Overview of Al-induced Transcriptional Profiling

Agilent 44 K Rice Oligo DNA Microarray RAP-DB covers almost genes in rice genome [15]. In the root tips (0–1 cm) of wild-type rice, exposure to 20 µM AlCl3 for 6 h resulted in up-regulation of 213 genes and down-regulation of 21 genes (Figure 3A and 3B). By contrast, much more genes (2015 and 1521) were up- and down-regulated by the same treatment in the star1 mutant (Figure 3A and 3B). In the basal root region (1–2 cm), 126 and 112 genes, respectively, was up- and down-regulated in the wild-type rice, whereas the numbers of up- and down-regulated genes were 2419 and 1663, respectively, in the star1 mutant (Figure 3A and 3B).

Figure 3

Genes up- and down-regulated by Al in the wild-type and star1 mutant roots.
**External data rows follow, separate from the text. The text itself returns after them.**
(* Let $\rho$ be a state supported on $\Omega=\{|-\rangle,|+\rangle,\varphi_{0_1},\varphi_{0_N}\}^\perp$. Then $\rho$ is invariant if and only if, for every $k=1,\dots,N-1$, $\rho$ commutes with $|Z|_k$ and with $P_{k+1}$ and satisfies $$Z_k^*\rho Z_k=e^{\beta_k}\rho|Z|_k .$$ In this case $\rho$ commutes with the Hamiltonian $H_S=\varepsilon_-P_-+\varepsilon_+P_++\sum_{k=1}^N\varepsilon_kP_k$.
   Context: Fix integers $N\ge 2$ and $n_1\ge n_2\ge\dots\ge n_N\ge 1$. Let $\mathcal H$ be a finite-dimensional complex Hilbert space with orthonormal basis $\{|-\rangle,|+\rangle\}\cup\{|a_k\rangle:1\le k\le N,\ 0\le a\le n_k-1\}$. For vectors $x,y$, $|x\rangle\langle y|$ denotes the operator $u\mapsto\langle y,u\rangle x$. Put $E_k=\mathrm{span}\{|a_k\rangle:0\le a\le n_k-1\}$, $P_k$ the orthogonal projection onto $E_k$, $P_\pm=|\pm\rangle\langle\pm|$, $\zeta_k=e^{2\pi i/n_k}$, and $\varphi_{a_k}=n_k^{-1/2}\sum_{b=0}^{n_k-1}\zeta_k^{-ba}|b_k\rangle$ for $0\le a\le n_k-1$. For $1\le k\le N-1$ let $Z_k=n_k^{-1/2}\sum_{b=0}^{n_{k+1}-1}\sum_{a=0}^{n_k-1}\zeta_k^{ba}|b_{k+1}\rangle\langle a_k|$ (an operator on $\mathcal H$), $|Z|_k=Z_k^*Z_k$. The energies $\varepsilon_-,\varepsilon_+,\varepsilon_1,\dots,\varepsilon_N$ are real, pairwise distinct, with $\varepsilon_-<\varepsilon_{k+1}<\varepsilon_k<\varepsilon_+$; the Bohr frequencies $\omega_+=\varepsilon_+-\varepsilon_1$, $\omega_k=\varepsilon_k-\varepsilon_{k+1}$ ($1\le k\le N-1$), $\omega_-=\varepsilon_N-\varepsilon_-$ are assumed pairwise distinct. Let $\omega$ range over $\{\omega_+,\omega_-,\omega_1,\dots,\omega_{N-1}\}$, and let $\Gamma_{\pm,\omega}>0$, $\gamma_{\pm,\omega}\in\mathbb R$ be constants. Kraus operators: $L_{-,\omega_+}=\sqrt{n_1\Gamma_{-,\omega_+}}|\varphi_{0_1}\rangle\langle +|$, $L_{+,\omega_+}=\sqrt{n_1\Gamma_{+,\omega_+}}|+\rangle\langle\varphi_{0_1}|$, $L_{-,\omega_k}=\sqrt{\Gamma_{-,\omega_k}}Z_k$, $L_{+,\omega_k}=\sqrt{\Gamma_{+,\omega_k}}Z_k^*$ ($1\le k\le N-1$), $L_{-,\omega_-}=\sqrt{\Gamma_{-,\omega_-}}|-\rangle\langle\varphi_{0_N}|$, $L_{+,\omega_-}=0$. Effective Hamiltonian $H_{\mathrm{eff}}=n_1\gamma_{-,\omega_+}P_+-n_1\gamma_{+,\omega_+}|\varphi_{0_1}\rangle\langle\varphi_{0_1}|+\gamma_{-,\omega_-}|\varphi_{0_N}\rangle\langle\varphi_{0_N}|-\gamma_{+,\omega_-}P_-+\sum_{k=1}^{N-1}(\gamma_{-,\omega_k}|Z|_k-\gamma_{+,\omega_k}P_{k+1})$. The generator is $\mathcal L(\rho)=-i[H_{\mathrm{eff}},\rho]+\sum_{\omega}\sum_{\epsilon=\pm}\big(L_{\epsilon,\omega}\rho L_{\epsilon,\omega}^*-\tfrac12\{L_{\epsilon,\omega}^*L_{\epsilon,\omega},\rho\}\big)$. A state is a positive operator of trace one; it is invariant if $\mathcal L(\rho)=0$; an operator is supported on a subspace $E$ if its range is contained in $E$. Define $\beta_k$ by $e^{\beta_k}=\Gamma_{-,\omega_k}/\Gamma_{+,\omega_k}$ for $1\le k\le N-1$. *)

theory Defs
  imports Complex_Main
begin

(* Orthonormal basis of H: |->  = Mi, |+> = Pl, |a_k> = Bs k a  (1 <= k <= N, a < n k).
   Vectors are coefficient functions, operators are matrices of entries <i|A|j>. *)
datatype idx = Mi | Pl | Bs nat nat

type_synonym vec = "idx \<Rightarrow> complex"
type_synonym op = "idx \<Rightarrow> idx \<Rightarrow> complex"

definition basis :: "nat \<Rightarrow> (nat \<Rightarrow> nat) \<Rightarrow> idx set" where
  "basis N n = {Mi, Pl} \<union> {Bs k a | k a. 1 \<le> k \<and> k \<le> N \<and> a < n k}"

definition is_vec :: "nat \<Rightarrow> (nat \<Rightarrow> nat) \<Rightarrow> vec \<Rightarrow> bool" where
  "is_vec N n v \<longleftrightarrow> (\<forall>i. i \<notin> basis N n \<longrightarrow> v i = 0)"

definition is_op :: "nat \<Rightarrow> (nat \<Rightarrow> nat) \<Rightarrow> op \<Rightarrow> bool" where
  "is_op N n A \<longleftrightarrow> (\<forall>i j. i \<notin> basis N n \<or> j \<notin> basis N n \<longrightarrow> A i j = 0)"

definition inner :: "nat \<Rightarrow> (nat \<Rightarrow> nat) \<Rightarrow> vec \<Rightarrow> vec \<Rightarrow> complex" where
  "inner N n v w = (\<Sum>i\<in>basis N n. cnj (v i) * w i)"

definition app :: "nat \<Rightarrow> (nat \<Rightarrow> nat) \<Rightarrow> op \<Rightarrow> vec \<Rightarrow> vec" where
  "app N n A v = (\<lambda>i. \<Sum>j\<in>basis N n. A i j * v j)"

definition mmul :: "nat \<Rightarrow> (nat \<Rightarrow> nat) \<Rightarrow> op \<Rightarrow> op \<Rightarrow> op" where
  "mmul N n A C = (\<lambda>i j. \<Sum>l\<in>basis N n. A i l * C l j)"

definition adj :: "op \<Rightarrow> op" where
  "adj A = (\<lambda>i j. cnj (A j i))"

definition trace :: "nat \<Rightarrow> (nat \<Rightarrow> nat) \<Rightarrow> op \<Rightarrow> complex" where
  "trace N n A = (\<Sum>i\<in>basis N n. A i i)"

definition outer :: "vec \<Rightarrow> vec \<Rightarrow> op" where
  "outer v w = (\<lambda>i j. v i * cnj (w j))"

definition ket :: "idx \<Rightarrow> vec" where
  "ket i = (\<lambda>j. if j = i then 1 else 0)"

definition proj :: "(nat \<Rightarrow> nat) \<Rightarrow> nat \<Rightarrow> op" where
  "proj n k = (\<lambda>i j. if i = j \<and> (\<exists>a. i = Bs k a \<and> a < n k) then 1 else 0)"

definition zeta :: "(nat \<Rightarrow> nat) \<Rightarrow> nat \<Rightarrow> complex" where
  "zeta n k = exp (2 * complex_of_real pi * \<i> / of_nat (n k))"

definition phi :: "(nat \<Rightarrow> nat) \<Rightarrow> nat \<Rightarrow> nat \<Rightarrow> vec" where
  "phi n k a = (\<lambda>i. case i of
      Bs k' b \<Rightarrow> if k' = k \<and> b < n k
                  then inverse (zeta n k ^ (b * a)) / complex_of_real (sqrt (real (n k))) else 0
    | _ \<Rightarrow> 0)"

definition Zop :: "(nat \<Rightarrow> nat) \<Rightarrow> nat \<Rightarrow> op" where
  "Zop n k = (\<lambda>i j. case (i, j) of
      (Bs k1 b, Bs k2 a) \<Rightarrow>
         if k1 = Suc k \<and> k2 = k \<and> b < n (Suc k) \<and> a < n k
         then zeta n k ^ (b * a) / complex_of_real (sqrt (real (n k))) else 0
    | _ \<Rightarrow> 0)"

definition absZ :: "nat \<Rightarrow> (nat \<Rightarrow> nat) \<Rightarrow> nat \<Rightarrow> op" where
  "absZ N n k = mmul N n (adj (Zop n k)) (Zop n k)"

definition omega_p :: "real \<Rightarrow> (nat \<Rightarrow> real) \<Rightarrow> real" where
  "omega_p ep e = ep - e 1"
definition omega_m :: "nat \<Rightarrow> real \<Rightarrow> (nat \<Rightarrow> real) \<Rightarrow> real" where
  "omega_m N em e = e N - em"
definition omega :: "(nat \<Rightarrow> real) \<Rightarrow> nat \<Rightarrow> real" where
  "omega e k = e k - e (Suc k)"

(* Effective Hamiltonian; gp = gamma_{+,.}, gm = gamma_{-,.} *)
definition Heff :: "nat \<Rightarrow> (nat \<Rightarrow> nat) \<Rightarrow> real \<Rightarrow> real \<Rightarrow> (nat \<Rightarrow> real)
    \<Rightarrow> (real \<Rightarrow> real) \<Rightarrow> (real \<Rightarrow> real) \<Rightarrow> op" where
  "Heff N n em ep e gp gm = (\<lambda>i j.
       of_nat (n 1) * of_real (gm (omega_p ep e)) * outer (ket Pl) (ket Pl) i j
     - of_nat (n 1) * of_real (gp (omega_p ep e)) * outer (phi n 1 0) (phi n 1 0) i j
     + of_real (gm (omega_m N em e)) * outer (phi n N 0) (phi n N 0) i j
     - of_real (gp (omega_m N em e)) * outer (ket Mi) (ket Mi) i j
     + (\<Sum>k\<in>{1..N-1}. of_real (gm (omega e k)) * absZ N n k i j
                      - of_real (gp (omega e k)) * proj n (Suc k) i j))"

definition dissip :: "nat \<Rightarrow> (nat \<Rightarrow> nat) \<Rightarrow> op \<Rightarrow> op \<Rightarrow> op" where
  "dissip N n L \<rho> = (\<lambda>i j.
       mmul N n (mmul N n L \<rho>) (adj L) i j
     - (mmul N n (mmul N n (adj L) L) \<rho> i j + mmul N n \<rho> (mmul N n (adj L) L) i j) / 2)"

definition scal :: "complex \<Rightarrow> op \<Rightarrow> op" where
  "scal c A = (\<lambda>i j. c * A i j)"

(* Kraus operators; Gp = Gamma_{+,.}, Gm = Gamma_{-,.} *)
definition L_m_wp :: "(nat \<Rightarrow> nat) \<Rightarrow> real \<Rightarrow> (nat \<Rightarrow> real) \<Rightarrow> (real \<Rightarrow> real) \<Rightarrow> op" where
  "L_m_wp n ep e Gm = scal (of_real (sqrt (real (n 1) * Gm (omega_p ep e)))) (outer (phi n 1 0) (ket Pl))"
definition L_p_wp :: "(nat \<Rightarrow> nat) \<Rightarrow> real \<Rightarrow> (nat \<Rightarrow> real) \<Rightarrow> (real \<Rightarrow> real) \<Rightarrow> op" where
  "L_p_wp n ep e Gp = scal (of_real (sqrt (real (n 1) * Gp (omega_p ep e)))) (outer (ket Pl) (phi n 1 0))"
definition L_m_wk :: "(nat \<Rightarrow> nat) \<Rightarrow> (nat \<Rightarrow> real) \<Rightarrow> (real \<Rightarrow> real) \<Rightarrow> nat \<Rightarrow> op" where
  "L_m_wk n e Gm k = scal (of_real (sqrt (Gm (omega e k)))) (Zop n k)"
definition L_p_wk :: "(nat \<Rightarrow> nat) \<Rightarrow> (nat \<Rightarrow> real) \<Rightarrow> (real \<Rightarrow> real) \<Rightarrow> nat \<Rightarrow> op" where
  "L_p_wk n e Gp k = scal (of_real (sqrt (Gp (omega e k)))) (adj (Zop n k))"
definition L_m_wm :: "nat \<Rightarrow> (nat \<Rightarrow> nat) \<Rightarrow> real \<Rightarrow> (nat \<Rightarrow> real) \<Rightarrow> (real \<Rightarrow> real) \<Rightarrow> op" where
  "L_m_wm N n em e Gm = scal (of_real (sqrt (Gm (omega_m N em e)))) (outer (ket Mi) (phi n N 0))"
definition L_p_wm :: "op" where
  "L_p_wm = (\<lambda>i j. 0)"

definition gen :: "nat \<Rightarrow> (nat \<Rightarrow> nat) \<Rightarrow> real \<Rightarrow> real \<Rightarrow> (nat \<Rightarrow> real)
    \<Rightarrow> (real \<Rightarrow> real) \<Rightarrow> (real \<Rightarrow> real) \<Rightarrow> (real \<Rightarrow> real) \<Rightarrow> (real \<Rightarrow> real) \<Rightarrow> op \<Rightarrow> op" where
  "gen N n em ep e Gp Gm gp gm \<rho> = (\<lambda>i j.
       - \<i> * (mmul N n (Heff N n em ep e gp gm) \<rho> i j - mmul N n \<rho> (Heff N n em ep e gp gm) i j)
     + dissip N n (L_m_wp n ep e Gm) \<rho> i j + dissip N n (L_p_wp n ep e Gp) \<rho> i j
     + dissip N n (L_m_wm N n em e Gm) \<rho> i j + dissip N n L_p_wm \<rho> i j
     + (\<Sum>k\<in>{1..N-1}. dissip N n (L_m_wk n e Gm k) \<rho> i j + dissip N n (L_p_wk n e Gp k) \<rho> i j))"

definition is_state :: "nat \<Rightarrow> (nat \<Rightarrow> nat) \<Rightarrow> op \<Rightarrow> bool" where
  "is_state N n \<rho> \<longleftrightarrow> is_op N n \<rho>
     \<and> (\<forall>v. is_vec N n v \<longrightarrow> Im (inner N n v (app N n \<rho> v)) = 0 \<and> 0 \<le> Re (inner N n v (app N n \<rho> v)))
     \<and> trace N n \<rho> = 1"

definition invariant :: "nat \<Rightarrow> (nat \<Rightarrow> nat) \<Rightarrow> real \<Rightarrow> real \<Rightarrow> (nat \<Rightarrow> real)
    \<Rightarrow> (real \<Rightarrow> real) \<Rightarrow> (real \<Rightarrow> real) \<Rightarrow> (real \<Rightarrow> real) \<Rightarrow> (real \<Rightarrow> real) \<Rightarrow> op \<Rightarrow> bool" where
  "invariant N n em ep e Gp Gm gp gm \<rho> \<longleftrightarrow> gen N n em ep e Gp Gm gp gm \<rho> = (\<lambda>i j. 0)"

(* range of rho contained in Omega = {|->, |+>, phi_{0_1}, phi_{0_N}}^perp *)
definition supported_Omega :: "nat \<Rightarrow> (nat \<Rightarrow> nat) \<Rightarrow> op \<Rightarrow> bool" where
  "supported_Omega N n \<rho> \<longleftrightarrow> (\<forall>v. is_vec N n v \<longrightarrow>
     (\<forall>u\<in>{ket Mi, ket Pl, phi n 1 0, phi n N 0}. inner N n u (app N n \<rho> v) = 0))"

definition commutes :: "nat \<Rightarrow> (nat \<Rightarrow> nat) \<Rightarrow> op \<Rightarrow> op \<Rightarrow> bool" where
  "commutes N n A B \<longleftrightarrow> mmul N n A B = mmul N n B A"

definition HS :: "nat \<Rightarrow> (nat \<Rightarrow> nat) \<Rightarrow> real \<Rightarrow> real \<Rightarrow> (nat \<Rightarrow> real) \<Rightarrow> op" where
  "HS N n em ep e = (\<lambda>i j. of_real em * outer (ket Mi) (ket Mi) i j + of_real ep * outer (ket Pl) (ket Pl) i j
      + (\<Sum>k\<in>{1..N}. of_real (e k) * proj n k i j))"

(* e^{beta_k} = Gamma_{-,omega_k} / Gamma_{+,omega_k} *)
definition beta :: "(nat \<Rightarrow> real) \<Rightarrow> (real \<Rightarrow> real) \<Rightarrow> (real \<Rightarrow> real) \<Rightarrow> nat \<Rightarrow> real" where
  "beta e Gp Gm k = ln (Gm (omega e k) / Gp (omega e k))"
Numbers of Al-responsive genes up-regulated (higher than 3-fold) (A) and down-regulated (lower than 3-fold) (B) are extracted. Wild-type (gray circle) and star1 mutant (black circle) are shown in both the root tips and basal root region.

Functional category analysis showed that 27.0–42.8% of the up- and down-regulated genes are assigned to unknown function (Table 1). Genes related to ‘Metabolism’ and ‘Abiotic or biotic stress response’ were mostly affected by Al stress in both the wild-type rice and star1 roots (Table 1).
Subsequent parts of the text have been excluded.